In our distresses, when we cry to others, we may or may not be heard.

When we cry out to Jesus, we are always heard on high. What a comfort!

 
A message for Washington...

'Good magistrates are in pain if their subjects are in tears.' -Matthew Henry

 
Here, Saul is a fine figure of a civil magistrate, serving his people...rather than serving himself of his people. May the Lord raise up such in these Western lands...

 
A lesson for the present time, and for our land...

Saul's gov't began in humility, mercy, and service; but it ends in pride, jealousy, rapaciousness, and cruelty.

"Ye did run well; who did hinder you..."

 
"I gave thee a king in mine anger, and took him away in my wrath." (Hos 13:11)

Something for our country to consider...

Join us for the study of 1 Samuel 12 (so many Biblical principles of good government!).

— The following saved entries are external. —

lemma simple_refl_comp_self: "s \<in> S \<Longrightarrow> s \<circ> s = id"
  by (auto simp: simple_refls_iff fun_eq_iff base_in_roots)

lemma comp_list_in_weyl: "set ss \<subseteq> S \<Longrightarrow> comp_list ss \<in> W"
  by (induction ss) (auto simp: id_in_weyl intro: weyl_comp simple_refl_in_weyl)

lemma pos_root_simple_descent:
  assumes \<beta>: "\<beta> \<in> Pos" and not_multiple: "\<forall>\<delta>\<in>B. \<nexists>c. \<beta> = c *\<^sub>R \<delta>"
  obtains \<delta> where "\<delta> \<in> B" and "srefl \<delta> \<beta> \<in> Pos" and "height (srefl \<delta> \<beta>) \<le> height \<beta> - 1"
proof -
  have coords: "\<forall>\<delta>\<in>B. coord \<delta> \<beta> \<ge> 0" and "\<beta> \<in> R"
    using \<beta> by (auto simp: pos_roots_iff)
  have "\<exists>\<delta>\<in>B. coord \<delta> \<beta> * (\<beta> \<bullet> \<delta>) > 0"
  proof (rule ccontr)
    assume "\<not> ?thesis"
    then have "(\<Sum>\<delta>\<in>B. coord \<delta> \<beta> * (\<beta> \<bullet> \<delta>)) \<le> 0"
      by (intro sum_nonpos) (auto simp: not_less)
    moreover have "0 < \<beta> \<bullet> \<beta>"
      using pos_root_nonzero[OF \<beta>] by simp
    ultimately show False
      using inner_base_expansion[of \<beta> \<beta>] by linarith
  qed
  then obtain \<delta> where \<delta>: "\<delta> \<in> B" and "coord \<delta> \<beta> * (\<beta> \<bullet> \<delta>) > 0"
    by blast
  with coords have "\<beta> \<bullet> \<delta> > 0"
    by (force simp: zero_less_mult_iff)
  define k where "k = 2 * (\<beta> \<bullet> \<delta>) / (\<delta> \<bullet> \<delta>)"
  have "k \<in> \<int>" and "k > 0"
    using cartan_integer[OF base_in_roots[OF \<delta>] \<open>\<beta> \<in> R\<close>] \<open>\<beta> \<bullet> \<delta> > 0\<close> base_nonzero[OF \<delta>]
    by (simp_all add: k_def)
  then have "k \<ge> 1"
    by (auto elim: Ints_cases)
  moreover have "height (srefl \<delta> \<beta>) = height \<beta> - k"
    using \<delta> by (simp add: srefl_def k_def height_diff height_scaleR height_base)
  moreover have "srefl \<delta> \<beta> \<in> Pos"
    using srefl_simple_pos_root[OF \<beta> \<delta>] not_multiple \<delta> by blast
  ultimately show ?thesis
    using that \<delta> by simp
qed

lemma srefl_odd_simple_word:
  assumes "\<beta> \<in> R"
  shows "\<exists>ss. set ss \<subseteq> S \<and> odd (length ss) \<and> srefl \<beta> = comp_list ss"
proof -
  have "\<exists>ss. set ss \<subseteq> S \<and> odd (length ss) \<and> srefl \<beta> = comp_list ss" if "\<beta> \<in> Pos" for \<beta>
    using that
  proof (induction "nat \<lfloor>height \<beta>\<rfloor>" arbitrary: \<beta> rule: less_induct)
    case less
    show ?case
    proof (cases "\<exists>\<delta>\<in>B. \<exists>c. \<beta> = c *\<^sub>R \<delta>")
      case True
      then obtain \<delta> c where "\<delta> \<in> B" "\<beta> = c *\<^sub>R \<delta>"
        by blast
      then have "\<delta> \<in> B" "srefl \<beta> = srefl \<delta>"
        using srefl_root_multiple pos_root_in_roots[OF less.prems] by auto
      then show ?thesis
        by (intro exI[of _ "[srefl \<delta>]"]) (auto simp: simple_refls_def)
    next
      case False
      then obtain \<delta> where \<delta>: "\<delta> \<in> B" and pos: "srefl \<delta> \<beta> \<in> Pos"
        and "height (srefl \<delta> \<beta>) \<le> height \<beta> - 1"
        using pos_root_simple_descent[OF less.prems] by blast
      then have "nat \<lfloor>height (srefl \<delta> \<beta>)\<rfloor> < nat \<lfloor>height \<beta>\<rfloor>"
        using height_pos_root[OF pos] by linarith
      then obtain ss where ss: "set ss \<subseteq> S" "odd (length ss)" "srefl (srefl \<delta> \<beta>) = comp_list ss"
        using less.hyps pos by blast
      have "srefl \<beta> = srefl \<delta> \<circ> srefl (srefl \<delta> \<beta>) \<circ> srefl \<delta>"
        using srefl_srefl_conjugate[OF base_nonzero[OF \<delta>], of \<beta>] base_in_roots[OF \<delta>]
        by (simp add: fun_eq_iff)
      then have "srefl \<beta> = comp_list ([srefl \<delta>] @ ss @ [srefl \<delta>])"
        using ss by (simp add: comp_list_append comp_assoc)
      then show ?thesis
        using ss \<delta> by (intro exI[of _ "[srefl \<delta>] @ ss @ [srefl \<delta>]"]) (auto simp: simple_refls_def)
    qed
  qed
  then show ?thesis
    using root_pos_or_neg[OF assms] srefl_uminus_root[of \<beta>] by metis
qed

lemma weyl_simple_word: "w \<in> W \<Longrightarrow> \<exists>ss. set ss \<subseteq> S \<and> w = comp_list ss"
  unfolding weyl_def
proof (induction w rule: gen_group.induct)
  case gen_id
  show ?case by (intro exI[of _ "[]"]) simp
next
  case (gen_step s w)
  then obtain ss ts where "set ss \<subseteq> S" "w = comp_list ss" "set ts \<subseteq> S" "s = comp_list ts"
    using srefl_odd_simple_word by blast
  then show ?case
    by (intro exI[of _ "ts @ ss"]) (simp add: comp_list_append)
qed

lemma gen_group_simple_subset_weyl: "I \<subseteq> S \<Longrightarrow> gen_group I \<subseteq> W"
  using comp_list_in_weyl by (auto simp: gen_group_iff_comp_list)


section \<open>Length\<close>

lemma reduced_word:
  assumes "w \<in> W"
  obtains ss where "set ss \<subseteq> S" and "length ss = len w" and "w = comp_list ss"
proof -
  let ?P = "\<lambda>n. \<exists>ss. length ss = n \<and> set ss \<subseteq> S \<and> w = foldr (\<circ>) ss id"
  obtain ss where "set ss \<subseteq> S" "w = comp_list ss"
    using weyl_simple_word[OF assms] by blast
  then have "?P (length ss)"
    by (auto simp: comp_list_def)
  then have "?P (Least ?P)"
    by (rule LeastI)
  then show ?thesis
    using that unfolding wlen_def comp_list_def by blast
qed
(* Let $y_t=\theta_t+Z_t$, $t=1,\dots,n$, where $Z_t$ are independent zero-mean $\sigma$-subgaussian random variables, and let $\beta>0$. For any interval $[t_h,t_l]\subseteq[1,n]$, let $Y=pad_0(y_{t_h},\dots,y_{t_l})$ and $\Theta=pad_0(\theta_{t_h},\dots,\theta_{t_l})$. Then for each coordinate $i$, $|(T(HY))_i|\le|(H\Theta)_i|$ with probability at least $1-2n^{3-\beta/8}$.
   Context: $pad_0(v_a,\dots,v_b)$ is the vector $(v_a-\bar v,\dots,v_b-\bar v)$ with $\bar v$ the average of $v_a,\dots,v_b$, followed by zeros up to length $k$, the smallest power of $2$ that is $\ge b-a+1$. $H\in\mathbb{R}^{k\times k}$ is the orthonormal discrete Haar wavelet transform matrix. $T$ is coordinatewise soft thresholding at level $\lambda=\sigma\sqrt{\beta\log n}$: $T(u)_i=\mathrm{sign}(u_i)\max(|u_i|-\lambda,0)$. *)

theory Defs
  imports "HOL-Probability.Probability"
begin

text \<open>Vectors are functions nat => real, indexed 0..k-1. Time indices t are 1-based.\<close>

definition pow2ceil :: "nat \<Rightarrow> nat" where
  "pow2ceil m = (LEAST k. (\<exists>j. k = 2 ^ j) \<and> m \<le> k)"

definition pad0 :: "(nat \<Rightarrow> real) \<Rightarrow> nat \<Rightarrow> nat \<Rightarrow> nat \<Rightarrow> real" where
  "pad0 v a b i =
     (let len = b + 1 - a;
          avg = (\<Sum>t=a..b. v t) / real len
      in if i < len then v (a + i) - avg else 0)"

New posts every few days...

 
William Symington's Messiah the Prince: 'Exemplary behaviour is necessary to give due moral effect to official administration. Laws however wise, acts however equitable, intentions however pure, cannot have the same influence on others when they proceed from persons who are themselves destitute of moral character.'

 
A lesson for our nation...

"[Samuel] reminds them of the great goodness of God to them and to their fathers, gives them an abstract of the history of their nation, that, by the consideration of the great things God had done for them, they might be for ever engaged to love him and serve him." (Matthew Henry)

 
In ancient times, Samuel displayed the aggravation of Israel's sins, in that they continued in transgression in the face of God's judgments and mercies.

What would he say to America?

 
From the first founding of her monarchy, Israel was required to serve the Lord, government and people.

This was not unique to Israel, but is required of all the nations of the earth (see Psalm 2), including America.